■ SUPPLIED DATA
____

lemma skel_choices_skeleton_in_box:
  assumes "\<forall>m\<in>{1..r}. Rs m \<union> Ss m = skel_B K N inb nbr ord Rs Ss Ts m"
  shows "\<forall>m<r. Ss (Suc m) \<subseteq> Collect (inb (ord ! m))"
proof (intro allI impI)
  fix m assume "m < r"
  then have "Rs (Suc m) \<union> Ss (Suc m) = skel_B K N inb nbr ord Rs Ss Ts (Suc m)"
    using assms by simp
  then show "Ss (Suc m) \<subseteq> Collect (inb (ord ! m))"
    by (auto simp: skel_B_def)
qed

lemma skel_state_entries_unchanged_near_higher_box:
  assumes boxes: "\<forall>m<n. is_box L (ord ! m)" and "is_box L bx"
    and skel_in_box: "\<forall>m<n. Ss (Suc m) \<subseteq> Collect (in_box a D1 L x (ord ! m))"
    and below: "\<forall>m<n. fst (ord ! m) < fst bx"
    and p: "p \<in> snd (skel_state K N (in_box a D1 L x) (box_nbr L) ord Rs Ss Ts n)"
           "\<not> in_nbhd (in_box a D1 L x) (box_nbr L) bx p"
    and q: "q \<in> snd (skel_state K N (in_box a D1 L x) (box_nbr L) ord Rs Ss Ts n)"
           "in_box a D1 L x bx q"
  shows "fst (skel_state K N (in_box a D1 L x) (box_nbr L) ord Rs Ss Ts n) p q = K p q
       \<and> fst (skel_state K N (in_box a D1 L x) (box_nbr L) ord Rs Ss Ts n) q p = K q p"
proof -
  define close where "close i k \<longleftrightarrow> coord_adjacent (coarsen (leaf_index a D1 L (x i)) (fst bx - 1))
                                                (coarsen (leaf_index a D1 L (x k)) (fst bx - 1))" for i k
  have nbhd_close: "\<forall>m<n. \<forall>i k. in_nbhd (in_box a D1 L x) (box_nbr L) (ord ! m) i
                      \<longrightarrow> in_nbhd (in_box a D1 L x) (box_nbr L) (ord ! m) k \<longrightarrow> close i k"
    unfolding close_def using boxes below
    by (intro allI impI in_nbhd_close_above_level) (auto simp: is_box_def)
  have q_coarse: "coarsen (leaf_index a D1 L (x q)) (fst bx - 1) = snd bx"
    using q(2) by (simp add: in_box_iff_coarsen)
  have "\<not> coord_adjacent (coarsen (leaf_index a D1 L (x p)) (fst bx - 1)) (snd bx)"
    using p(2) in_nbhd_iff_coord_adjacent[OF assms(2)] by simp
  then have "\<not> close p q" "\<not> close q p"
    unfolding close_def q_coarse by (simp_all add: coord_adjacent_sym)
  then show ?thesis
    using skel_state_entries_unchanged[OF skel_in_box nbhd_close] p(1) q(1) by simp
qed
text \<open>Perron's theorem in the weak form needed here: a positive matrix has an eigenvector in the
  simplex, obtained as a fixed point of the normalised map via Brouwer's theorem.\<close>
lemma perron_vector:
  assumes A: "positive_matrix (A :: real^'q^'q)"
  obtains x where "x \<in> Bbar" "A *v x = l1norm (A *v x) *\<^sub>R x" "0 < l1norm (A *v x)"
proof -
  have sum_eq: "l1norm (A *v x) = (\<Sum>i\<in>UNIV. (A *v x) $ i)" if "x \<in> Bbar" for x
    using positive_mult_Bbar_pos[OF A that] by (intro l1norm_nonneg_eq less_imp_le)
  have L_pos: "0 < l1norm (A *v x)" if "x \<in> Bbar" for x
    unfolding sum_eq[OF that] using positive_mult_Bbar_pos[OF A that] by (intro sum_pos) auto
  define f where "f x = (1 / l1norm (A *v x)) *\<^sub>R (A *v x)" for x :: "real^'q"
  have "continuous_on Bbar f"
    unfolding f_def
    by (intro continuous_intros continuous_on_divide continuous_on_compose2[OF continuous_on_l1norm])
      (auto dest: L_pos)
  moreover have "f \<in> Bbar \<rightarrow> Bbar"
  proof
    fix x :: "real^'q" assume x: "x \<in> Bbar"
    have "\<forall>i. 0 \<le> f x $ i" unfolding f_def using positive_mult_Bbar_pos[OF A x] L_pos[OF x]
      by (auto intro: less_imp_le)
    moreover have "l1norm (f x) = (1 / l1norm (A *v x)) * (\<Sum>i\<in>UNIV. (A *v x) $ i)"
      using calculation by (simp add: l1norm_nonneg_eq f_def sum_distrib_left)
    ultimately show "f x \<in> Bbar" using L_pos[OF x] unfolding Bbar_def sum_eq[OF x, symmetric] by auto
  qed
  ultimately obtain x where x: "x \<in> Bbar" "f x = x"
    using brouwer[OF compact_Bbar convex_Bbar] uniform_in_Bbar by blast
  have "A *v x = l1norm (A *v x) *\<^sub>R f x" unfolding f_def using L_pos[OF x(1)] by simp
  then have "A *v x = l1norm (A *v x) *\<^sub>R x" using x(2) by simp
  with x L_pos show ?thesis using that by blast
qed

text \<open>The sum of all entries; it dominates the spectral radius of a nonnegative matrix.\<close>
definition matrix_total :: "real^'q^'q \<Rightarrow> real" where
  "matrix_total A = (\<Sum>i\<in>UNIV. \<Sum>j\<in>UNIV. A $ i $ j)"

____

■ WHAT THIS TASK INVOLVES
Your job here is to copy the entries above exactly.

■ ANSWER BOX
lemma skel_choices_skeleton_in_box:
  assumes "\<forall>m\<in>{1..r}. Rs m \<union> Ss m = skel_B K N inb nbr ord Rs Ss Ts m"
  shows "\<forall>m<r. Ss (Suc m) \<subseteq> Collect (inb (ord ! m))"
proof (intro allI impI)
  fix m assume "m < r"
  then have "Rs (Suc m) \<union> Ss (Suc m) = skel_B K N inb nbr ord Rs Ss Ts (Suc m)"
    using assms by simp
  then show "Ss (Suc m) \<subseteq> Collect (inb (ord ! m))"
    by (auto simp: skel_B_def)
qed

lemma skel_state_entries_unchanged_near_higher_box:
  assumes boxes: "\<forall>m<n. is_box L (ord ! m)" and "is_box L bx"
    and skel_in_box: "\<forall>m<n. Ss (Suc m) \<subseteq> Collect (in_box a D1 L x (ord ! m))"
    and below: "\<forall>m<n. fst (ord ! m) < fst bx"
    and p: "p \<in> snd (skel_state K N (in_box a D1 L x) (box_nbr L) ord Rs Ss Ts n)"
           "\<not> in_nbhd (in_box a D1 L x) (box_nbr L) bx p"
    and q: "q \<in> snd (skel_state K N (in_box a D1 L x) (box_nbr L) ord Rs Ss Ts n)"
           "in_box a D1 L x bx q"
  shows "fst (skel_state K N (in_box a D1 L x) (box_nbr L) ord Rs Ss Ts n) p q = K p q
       \<and> fst (skel_state K N (in_box a D1 L x) (box_nbr L) ord Rs Ss Ts n) q p = K q p"
proof -
  define close where "close i k \<longleftrightarrow> coord_adjacent (coarsen (leaf_index a D1 L (x i)) (fst bx - 1))
                                                (coarsen (leaf_index a D1 L (x k)) (fst bx - 1))" for i k
  have nbhd_close: "\<forall>m<n. \<forall>i k. in_nbhd (in_box a D1 L x) (box_nbr L) (ord ! m) i
                      \<longrightarrow> in_nbhd (in_box a D1 L x) (box_nbr L) (ord ! m) k \<longrightarrow> close i k"
    unfolding close_def using boxes below
    by (intro allI impI in_nbhd_close_above_level) (auto simp: is_box_def)
  have q_coarse: "coarsen (leaf_index a D1 L (x q)) (fst bx - 1) = snd bx"
    using q(2) by (simp add: in_box_iff_coarsen)
  have "\<not> coord_adjacent (coarsen (leaf_index a D1 L (x p)) (fst bx - 1)) (snd bx)"
    using p(2) in_nbhd_iff_coord_adjacent[OF assms(2)] by simp
  then have "\<not> close p q" "\<not> close q p"
    unfolding close_def q_coarse by (simp_all add: coord_adjacent_sym)
  then show ?thesis
    using skel_state_entries_unchanged[OF skel_in_box nbhd_close] p(1) q(1) by simp
qed
text \<open>Perron's theorem in the weak form needed here: a positive matrix has an eigenvector in the
  simplex, obtained as a fixed point of the normalised map via Brouwer's theorem.\<close>
lemma perron_vector:
  assumes A: "positive_matrix (A :: real^'q^'q)"
  obtains x where "x \<in> Bbar" "A *v x = l1norm (A *v x) *\<^sub>R x" "0 < l1norm (A *v x)"
proof -
  have sum_eq: "l1norm (A *v x) = (\<Sum>i\<in>UNIV. (A *v x) $ i)" if "x \<in> Bbar" for x
    using positive_mult_Bbar_pos[OF A that] by (intro l1norm_nonneg_eq less_imp_le)
  have L_pos: "0 < l1norm (A *v x)" if "x \<in> Bbar" for x
    unfolding sum_eq[OF that] using positive_mult_Bbar_pos[OF A that] by (intro sum_pos) auto
  define f where "f x = (1 / l1norm (A *v x)) *\<^sub>R (A *v x)" for x :: "real^'q"
  have "continuous_on Bbar f"
    unfolding f_def
    by (intro continuous_intros continuous_on_divide continuous_on_compose2[OF continuous_on_l1norm])
      (auto dest: L_pos)
  moreover have "f \<in> Bbar \<rightarrow> Bbar"
  proof
    fix x :: "real^'q" assume x: "x \<in> Bbar"
    have "\<forall>i. 0 \<le> f x $ i" unfolding f_def using positive_mult_Bbar_pos[OF A x] L_pos[OF x]
      by (auto intro: less_imp_le)
    moreover have "l1norm (f x) = (1 / l1norm (A *v x)) * (\<Sum>i\<in>UNIV. (A *v x) $ i)"
      using calculation by (simp add: l1norm_nonneg_eq f_def sum_distrib_left)
    ultimately show "f x \<in> Bbar" using L_pos[OF x] unfolding Bbar_def sum_eq[OF x, symmetric] by auto
  qed
  ultimately obtain x where x: "x \<in> Bbar" "f x = x"
    using brouwer[OF compact_Bbar convex_Bbar] uniform_in_Bbar by blast
  have "A *v x = l1norm (A *v x) *\<^sub>R f x" unfolding f_def using L_pos[OF x(1)] by simp
  then have "A *v x = l1norm (A *v x) *\<^sub>R x" using x(2) by simp
  with x L_pos show ?thesis using that by blast
qed

text \<open>The sum of all entries; it dominates the spectral radius of a nonnegative matrix.\<close>
definition matrix_total :: "real^'q^'q \<Rightarrow> real" where
  "matrix_total A = (\<Sum>i\<in>UNIV. \<Sum>j\<in>UNIV. A $ i $ j)"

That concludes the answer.